Falak-ol-Aflak in west-central Iran is one of the most impressive ancient castles in the Middle East and arguably the greatest surviving architectural legacy of the Sassanid Empire. A regional administrative center at the height of the empire, the majority of this fortress, later renovations notwithstanding, dates from pre-medieval times, and it looks much today as it did during the Sassanid period. It thus also bears the distinction of being among the world’s oldest intact castles. Falak-ol-Aflak is also renowned for its relatively advanced engineering, particularly with respect to its water and ventilation systems. It is currently being considered for inclusion as a UNESCO World Heritage Site.

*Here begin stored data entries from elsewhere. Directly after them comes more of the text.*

lemma affine_monoid_finite_atoms:
  assumes "affine_monoid S" and "reduced_monoid S"
  shows "finite (monoid_atoms S)"
proof -
  obtain G where "finite G" and "S = {sum_mset m | m. set_mset m \<subseteq> G}"
    using assms(1) unfolding affine_monoid_def by blast
  then show ?thesis using monoid_atoms_subset_generators assms(2) finite_subset by blast
qed

lemma tilde_unit_iff:
  assumes "0 \<in> S" and "reduced_monoid S"
  shows "monoid_unit (tilde S deg) q \<longleftrightarrow> q = 0"
proof
  assume "monoid_unit (tilde S deg) q"
  then obtain v where "q \<in> tilde S deg" "v \<in> tilde S deg" "q + v = 0"
    unfolding monoid_unit_def by blast
  then have "monoid_unit S (fst q)" and "snd q = 0"
    unfolding tilde_def monoid_unit_def by (auto simp: prod_eq_iff)
  then show "q = 0" using reduced_monoid_unit_iff[OF assms] by (simp add: prod_eq_iff)
next
  assume "q = 0"
  moreover have "0 \<in> tilde S deg" using assms(1) unfolding tilde_def zero_prod_def by auto
  ultimately show "monoid_unit (tilde S deg) q" unfolding monoid_unit_def by (metis add_0)
qed

lemma tilde_atoms_iff:
  assumes "0 \<in> S" and "reduced_monoid S" and "graded_monoid S deg"
  shows "(x, i) \<in> monoid_atoms (tilde S deg) \<longleftrightarrow> x \<in> monoid_atoms S \<and> i \<le> deg x"
proof -
  have unit: "monoid_unit S u \<longleftrightarrow> u = 0" for u
    using reduced_monoid_unit_iff assms(1,2) by blast
  have tilde_unit: "monoid_unit (tilde S deg) q \<longleftrightarrow> q = 0" for q
    using tilde_unit_iff assms(1,2) by blast
  have deg0: "deg 0 = 0" using graded_monoid_deg_zero assms(1,3) by blast
  show ?thesis
  proof
    assume at: "(x, i) \<in> monoid_atoms (tilde S deg)"
    then have x: "x \<in> S" and i: "i \<le> deg x" unfolding monoid_atoms_def tilde_def by auto
    have "x \<noteq> 0" using at i deg0 tilde_unit unfolding monoid_atoms_def by (auto simp: zero_prod_def)
    moreover have "b = 0 \<or> c = 0" if "b \<in> S" "c \<in> S" "x = b + c" for b c
    proof -
      have "deg x = deg b + deg c" using assms(3) that unfolding graded_monoid_def by auto
      then have "(b, min i (deg b)) \<in> tilde S deg" and "(c, i - min i (deg b)) \<in> tilde S deg"
        using that i unfolding tilde_def by auto
      moreover have "(x, i) = (b, min i (deg b)) + (c, i - min i (deg b))" using that by auto
      ultimately have "(b, min i (deg b)) = 0 \<or> (c, i - min i (deg b)) = 0"
        using at tilde_unit unfolding monoid_atoms_def by blast
      then show ?thesis by (auto simp: zero_prod_def)
    qed
    ultimately show "x \<in> monoid_atoms S \<and> i \<le> deg x"
      using x i unit unfolding monoid_atoms_def by blast
  next
    assume xi: "x \<in> monoid_atoms S \<and> i \<le> deg x"
    then have x: "x \<in> S" "x \<noteq> 0" using unit unfolding monoid_atoms_def by auto
    have "b = 0 \<or> c = 0" if "b \<in> tilde S deg" "c \<in> tilde S deg" "(x, i) = b + c" for b c
    proof -
      have "fst b \<in> S" "fst c \<in> S" "x = fst b + fst c"
        using that unfolding tilde_def by auto
      then have "fst b = 0 \<or> fst c = 0" using xi unit unfolding monoid_atoms_def by blast
      then show ?thesis using that deg0 unfolding tilde_def by (auto simp: prod_eq_iff)
    qed
    moreover have "(x, i) \<in> tilde S deg" using x xi unfolding tilde_def by auto
    moreover have "\<not> monoid_unit (tilde S deg) (x, i)" using x tilde_unit by (simp add: zero_prod_def)
    ultimately show "(x, i) \<in> monoid_atoms (tilde S deg)"
      using tilde_unit unfolding monoid_atoms_def by blast
  qed
qed

lemma fmon_tilde_atoms_iff:
  assumes "0 \<in> S" and "reduced_monoid S" and "graded_monoid S deg"
  shows "l \<in> fmon (monoid_atoms (tilde S deg)) \<longleftrightarrow> (\<forall>(x, i)\<in>#l. x \<in> monoid_atoms S \<and> i \<le> deg x)"
  using tilde_atoms_iff[OF assms] unfolding fmon_def by auto

lemma finite_tilde_atoms:
  assumes "0 \<in> S" and "reduced_monoid S" and "graded_monoid S deg" and "finite (monoid_atoms S)"
  shows "finite (monoid_atoms (tilde S deg))"
proof (rule finite_subset)
  show "monoid_atoms (tilde S deg) \<subseteq> Sigma (monoid_atoms S) (\<lambda>x. {..deg x})"
    using tilde_atoms_iff[OF assms(1-3)] by auto
qed (use assms(4) in auto)

lemma sum_mset_kappa_delta: "sum_mset l = (sum_mset (kappa l), delta l)"
  unfolding kappa_def delta_def by (induction l) (auto simp: zero_prod_def)

lemma pres_cong_kappa_delta_iff:
  "pres_cong l m \<longleftrightarrow> pres_cong (kappa l) (kappa m) \<and> delta l = delta m"
  unfolding pres_cong_def by (simp add: sum_mset_kappa_delta)

lemma delta_le_sum_deg:
  "\<forall>(x, i)\<in>#l. i \<le> deg x \<Longrightarrow> delta l \<le> (\<Sum>x\<in>#kappa l. deg x)"
  unfolding kappa_def delta_def by (induction l) (auto intro: add_mono)

lemma exists_lift_with_delta:
  "D \<le> (\<Sum>x\<in>#k. deg x) \<Longrightarrow> \<exists>l. kappa l = k \<and> delta l = D \<and> (\<forall>(x, i)\<in>#l. i \<le> deg x)"
proof (induction k arbitrary: D)
  case empty
  then show ?case by (auto simp: kappa_def delta_def)
next
  case (add x k)
  have "D - min D (deg x) \<le> (\<Sum>x\<in>#k. deg x)" using add.prems by auto
  then obtain l where "kappa l = k" "delta l = D - min D (deg x)" "\<forall>(x, i)\<in>#l. i \<le> deg x"
    using add.IH by blast
  then show ?case
    by (intro exI[of _ "add_mset (x, min D (deg x)) l"]) (auto simp: kappa_def delta_def)
qed

definition levels :: "'a \<Rightarrow> ('a \<times> nat) multiset \<Rightarrow> nat multiset" where
  "levels a l = image_mset snd (filter_mset (\<lambda>p. fst p = a) l)"

lemma count_levels [simp]: "count (levels a l) i = count l (a, i)"
  unfolding levels_def by (induction l) auto

lemma in_levels_iff [simp]: "i \<in># levels a l \<longleftrightarrow> (a, i) \<in># l"
  by (simp only: count_greater_zero_iff[symmetric] count_levels)

lemma size_levels: "size (levels a l) = count (kappa l) a"
  unfolding levels_def kappa_def by (induction l) auto

lemma image_mset_Pair_levels: "image_mset (Pair a) (levels a l) = filter_mset (\<lambda>p. fst p = a) l"
  unfolding levels_def by (induction l) auto

lemma delta_eq_sum_levels:
  assumes "finite B" and "set_mset (kappa l) \<subseteq> B"
  shows "delta l = (\<Sum>a\<in>B. sum_mset (levels a l))"
  using assms(2)
proof (induction l)
  case empty
  then show ?case by (simp add: delta_def levels_def)
next
  case (add p l)
  obtain a i where p: "p = (a, i)" by fastforce
  have "a \<in> B" using add.prems p by (simp add: kappa_def)
  have "(\<Sum>b\<in>B. sum_mset (levels b (add_mset p l)))
      = (\<Sum>b\<in>B. sum_mset (levels b l) + (if b = a then i else 0))"
    unfolding p levels_def by (intro sum.cong) auto
  also have "\<dots> = delta l + i"
    using add \<open>a \<in> B\<close> assms(1) by (simp add: sum.distrib kappa_def)
  finally show ?case by (simp add: p delta_def)
qed

lemma sum_mset_le_size_mult: "\<forall>x\<in>#M. x \<le> (d::nat) \<Longrightarrow> sum_mset M \<le> size M * d"
  by (induction M) auto

lemma sum_mset_ge_size_mult: "\<forall>x\<in>#M. (d::nat) \<le> x \<Longrightarrow> size M * d \<le> sum_mset M"
  by (induction M) auto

The Lorestan Province in what is now Iran has been part of the civilized heartlands of Persia since the earliest times. Its strategic location in the relatively hospitable Zagros Mountains and its proximity to the rich and fertile lands of the Tigris-Euphrates Valley made it an attractive target to conquering powers as far back as the early 1st millennium BC. It was absorbed into the succession of Mede, Achamenid, Parthian and Sassanian empires, and was a bastion against the expansion of both the Roman and Byzantine empires.
During the 2nd century AD the Roman Empire reached its zenith, and large parts of the Sassanid Empire were conquered, including Lorestan. In the wake of Roman withdrawal, the Persians began to heavily fortify the region. Among their chief projects was the construction of a massive fortress in Khorramabad, one of the largest cities and most important trading centers in Western Persia. Work started in the early 3rd century AD, and was completed just in time for the fall of the Sassanid Empire. In fact, the fortress was finished in 651, the same year that Arab armies conquered the Sassanids.

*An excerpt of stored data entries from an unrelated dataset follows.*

lemma std_normal_density_mult_post_exp_le:
  assumes n: "n > 0" and \<sigma>: "\<sigma> > 0" and \<delta>: "\<delta> > 0" "4 * \<delta> \<le> B - R"
    and level: "sqrt n * \<sigma> \<ge> 1/2" and f: "\<bar>f\<bar> \<le> R * \<sigma>"
  shows "std_normal_density e *
      post_exp n B \<sigma> (\<lambda>u. exp (t * sqrt n * (u - (f + e / sqrt n)))) (f + e / sqrt n)
    \<le> exp (t\<^sup>2/2) * exp (\<delta>\<^sup>2) / \<delta> * exp (- \<delta> * \<bar>e\<bar>)"
proof -
  define r where "r = sqrt (real n)"
  define x where "x = f + e / r"
  define M where "M = max (r * \<bar>x\<bar> - r * (B*\<sigma>)) 0 + \<delta>"
  have r: "r > 0" using n by (simp add: r_def)
  have R: "R \<ge> 0" using f \<sigma> by (meson abs_ge_zero order_trans zero_le_mult_iff not_le)
  have B: "B > 0" using \<delta> R by linarith
  have "B \<le> B * (2 * r * \<sigma>)"
    using mult_left_mono[of 1 "2 * r * \<sigma>" B] level B by (simp add: r_def)
  moreover have "B * (2 * r * \<sigma>) = 2 * r * (B*\<sigma>)" by (simp add: mult_ac)
  ultimately have "\<delta> \<le> 2 * r * (B*\<sigma>)"
    using \<delta> R by linarith
  then have post: "post_exp n B \<sigma> (\<lambda>u. exp (t * r * (u - x))) x
      \<le> exp (t\<^sup>2/2) * sqrt (2*pi) / \<delta> * exp (M\<^sup>2 / 2)"
    unfolding M_def r_def using post_exp_exp_le[OF n B \<sigma> \<delta>(1)] by simp
  have "r * \<bar>x\<bar> - r * (B*\<sigma>) \<le> \<bar>e\<bar> - 2 * \<delta>"
    unfolding x_def using r level \<delta> f by (intro shifted_excess_le) (auto simp: r_def)
  then have "M\<^sup>2 \<le> (\<bar>e\<bar> - \<delta>)\<^sup>2 + \<delta>\<^sup>2"
    unfolding M_def using \<delta> by (intro sq_max_plus_le) auto
  then have "std_normal_density e * post_exp n B \<sigma> (\<lambda>u. exp (t * r * (u - x))) x
      \<le> std_normal_density e * (exp (t\<^sup>2/2) * sqrt (2*pi) / \<delta> * exp (((\<bar>e\<bar> - \<delta>)\<^sup>2 + \<delta>\<^sup>2) / 2))"
    using post \<delta> by (intro mult_left_mono order_trans[OF post]) auto
  also have "\<dots> = exp (t\<^sup>2/2) / \<delta> * (exp (- e\<^sup>2 / 2) * exp (((\<bar>e\<bar> - \<delta>)\<^sup>2 + \<delta>\<^sup>2) / 2))"
    by (simp add: std_normal_density_def)
  also have "exp (- e\<^sup>2 / 2) * exp (((\<bar>e\<bar> - \<delta>)\<^sup>2 + \<delta>\<^sup>2) / 2) = exp (\<delta>\<^sup>2) * exp (- \<delta> * \<bar>e\<bar>)"
    unfolding exp_add[symmetric]
    by (rule arg_cong[where f = exp]) (simp add: power2_eq_square field_simps)
  finally show ?thesis by (simp add: x_def r_def)
qed

lemma nn_integral_exp_neg_abs_le:
  fixes c :: real
  assumes c: "c > 0"
  shows "(\<integral>\<^sup>+x. ennreal (exp (- c * \<bar>x\<bar>)) \<partial>lborel) \<le> ennreal (2 / c)"
proof -
  have density_one: "(\<integral>\<^sup>+x. ennreal (exponential_density c x) \<partial>lborel) = 1"
  proof -
    interpret prob_space "density lborel (exponential_density c)"
      using prob_space_exponential_density[OF c] .
    show ?thesis using emeasure_space_1 by (simp add: emeasure_density)
  qed
  have reflected_one: "(\<integral>\<^sup>+x. ennreal (exponential_density c (- x)) \<partial>lborel) = 1"
    using nn_integral_real_affine[of "\<lambda>x. ennreal (exponential_density c x)" "-1" 0] density_one
    by simp
  have "(\<integral>\<^sup>+x. ennreal (exp (- c * \<bar>x\<bar>)) \<partial>lborel)
      \<le> (\<integral>\<^sup>+x. ennreal (1 / c) *
            (ennreal (exponential_density c x) + ennreal (exponential_density c (- x))) \<partial>lborel)"
  proof (rule nn_integral_mono)
    fix x :: real
    have "exp (- c * \<bar>x\<bar>) \<le> 1 / c * (exponential_density c x + exponential_density c (- x))"
      using c by (cases "x < 0") (auto simp: exponential_density_def field_simps)
    then show "ennreal (exp (- c * \<bar>x\<bar>))
        \<le> ennreal (1 / c) * (ennreal (exponential_density c x) + ennreal (exponential_density c (- x)))"
      using c by (simp add: ennreal_mult[symmetric] ennreal_plus[symmetric] exponential_density_nonneg
          ennreal_leI del: ennreal_plus)
  qed
  also have "\<dots> = ennreal (1 / c) * 2"
    by (simp add: nn_integral_cmult nn_integral_add density_one reflected_one)
  also have "\<dots> = ennreal (2 / c)"
    using c by (simp add: ennreal_mult[symmetric] ennreal_numeral[symmetric] del: ennreal_numeral)
  finally show ?thesis .
qed

lemma integral_le_of_le_exp_neg_abs:
  fixes g :: "real \<Rightarrow> real"
  assumes c: "c > 0" and K: "K \<ge> 0" and g: "\<And>x. g x \<le> K * exp (- c * \<bar>x\<bar>)"
  shows "integral\<^sup>L lborel g \<le> 2 * K / c"
proof (rule integral_real_bounded)
  have "(\<integral>\<^sup>+x. ennreal (g x) \<partial>lborel) \<le> (\<integral>\<^sup>+x. ennreal K * ennreal (exp (- c * \<bar>x\<bar>)) \<partial>lborel)"
    using g K by (intro nn_integral_mono) (simp add: ennreal_mult[symmetric] ennreal_leI)
  also have "\<dots> = ennreal K * (\<integral>\<^sup>+x. ennreal (exp (- c * \<bar>x\<bar>)) \<partial>lborel)"
    by (rule nn_integral_cmult) simp
  also have "\<dots> \<le> ennreal K * ennreal (2 / c)"
    by (rule mult_left_mono[OF nn_integral_exp_neg_abs_le[OF c]]) simp
  also have "\<dots> = ennreal (2 * K / c)"
    using K c by (simp add: ennreal_mult[symmetric])
  finally show "(\<integral>\<^sup>+x. ennreal (g x) \<partial>lborel) \<le> ennreal (2 * K / c)" .
qed (use K c in simp)

theorem lemma1:
  fixes \<alpha> R B :: real and f0 :: "nat \<Rightarrow> nat \<Rightarrow> real"
  assumes "\<alpha> > 0" and "R > 0" and "B > R"
    and "\<And>l k. k < 2 ^ l \<Longrightarrow> 2 powr (real l * (1/2 + \<alpha>)) * \<bar>f0 l k\<bar> \<le> R"
  shows "\<exists>C > 0. \<forall>(t::real) (n::nat) (l::nat) (k::nat).
           n \<ge> 2 \<longrightarrow> int l \<le> L_cut \<alpha> n \<longrightarrow> k \<le> 2 ^ l - 1 \<longrightarrow>
           (LINT e|lborel. std_normal_density e *
              post_exp n B (sigma_lev \<alpha> l)
                (\<lambda>u. exp (t * sqrt (real n) * (u - (f0 l k + e / sqrt (real n)))))
                (f0 l k + e / sqrt (real n)))
           \<le> C * exp (t^2 / 2)"
proof -
  define \<delta> where "\<delta> = (B - R) / 4"
  have \<delta>: "\<delta> > 0" "4 * \<delta> \<le> B - R" using assms(3) by (auto simp: \<delta>_def)
  define C where "C = 2 * exp (\<delta>\<^sup>2) / \<delta>\<^sup>2"
  show ?thesis
  proof (intro exI[of _ C] conjI allI impI)
    show "C > 0" using \<delta> by (simp add: C_def)
    fix t :: real and n l k :: nat
    assume n: "n \<ge> 2" and l: "int l \<le> L_cut \<alpha> n" and k: "k \<le> 2 ^ l - 1"
    have "k < 2 ^ l" using k by (simp add: le_diff_conv2 Suc_le_eq)
    then have "\<bar>f0 l k\<bar> \<le> R * sigma_lev \<alpha> l"
      using assms(4)[of k l] by (simp add: sigma_lev_def powr_minus_divide pos_le_divide_eq mult.commute)
    then have "std_normal_density e *
        post_exp n B (sigma_lev \<alpha> l)
          (\<lambda>u. exp (t * sqrt (real n) * (u - (f0 l k + e / sqrt (real n))))) (f0 l k + e / sqrt (real n))
      \<le> exp (t\<^sup>2/2) * exp (\<delta>\<^sup>2) / \<delta> * exp (- \<delta> * \<bar>e\<bar>)" for e
      using n \<delta> sqrt_mult_sigma_lev_ge_half[OF assms(1) n l]
      by (intro std_normal_density_mult_post_exp_le) (auto simp: sigma_lev_def)
    then have "(LINT e|lborel. std_normal_density e *
        post_exp n B (sigma_lev \<alpha> l)
          (\<lambda>u. exp (t * sqrt (real n) * (u - (f0 l k + e / sqrt (real n))))) (f0 l k + e / sqrt (real n)))
      \<le> 2 * (exp (t\<^sup>2/2) * exp (\<delta>\<^sup>2) / \<delta>) / \<delta>"
      using \<delta> by (intro integral_le_of_le_exp_neg_abs) auto
    also have "\<dots> = C * exp (t^2 / 2)"
      by (simp add: C_def power2_eq_square)
    finally show "(LINT e|lborel. std_normal_density e *
        post_exp n B (sigma_lev \<alpha> l)
          (\<lambda>u. exp (t * sqrt (real n) * (u - (f0 l k + e / sqrt (real n))))) (f0 l k + e / sqrt (real n)))
      \<le> C * exp (t^2 / 2)" .
  qed
qed

end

At the time of its completion, the Falak-ol-Aflak Fortress was one of the largest and strongest castles in the world. It was perhaps for this reason that Khorramabad, and other areas of the Lorestan Province, managed to stay independent of Islam for so long. Neither the Arabs or Turks, or even the Mongols, managed to ever fully subdue the region. It is perhaps also due to the imposing fortress that Zoroastrianism managed to survive for so long in the area.
Although it did see occasional fighting in its long history, the Falak-ol-Aflak has remained in good shape, and in good use, right down to recent times. For many centuries it continued to be a bastion against incursions from the west, mostly the Turks. When gunpowder weapons finally made the mighty mighty obsolete, it was put to use as a prison in the 19th and 20th centuries. For a brief period it also became a symbol of the tyranny of the Pahlavi dynasty. It has since been reclaimed by the people of Iran as a national treasure. Completely renovated, it now hosts countless visitors annually as one of Iran’s most popular, non-religious historical sites.
For its age, the Falak-ol-Aflak Fortress is surprisingly intact. Built on a tall hill, the battlements of the fortress absolutely dominate the surrounding residential districts of Khorramabad. Its outer wall was once more than a mile in circumference, and in some places tops out at over seventy feet in height. Eight of the fortress’ original twelve towers are still intact. At one time a second battlement surrounded the first, though little remains of this additional defensive structure.
The Falak-ol-Aflak Fortress is famous for its water and ventilation systems, which were remarkably advanced for the Sassanid period. It is perhaps for these reasons that the fortress remains so amazingly intact to the present day. The main well in the central courtyard is still in use after many centuries. An intricate canal system that runs under much of the structure allowed the foundations to breathe with a natural dehumidifier, helping to preserve the castle from the devastating effects of weathering.
The Falak-ol-Aflak Fortress is located in the very heart of Khorramabad, approximately 180 miles west of Esfahan and 180 miles southwest of Teheran. As of this writing no visitor information was available. Web: www.tourismiran.ir (official tourism website of Iran)
The mountains of west-central Iran were the traditional heartlands of the various Persian empires in antiquity. The Sassanids in particular left behind a legacy of castles and fortifications scattered throughout the region. Among the relatively more intact survivors are the Ghal’eh Dokhtar Castle in Fars and Narin Castle in Nain.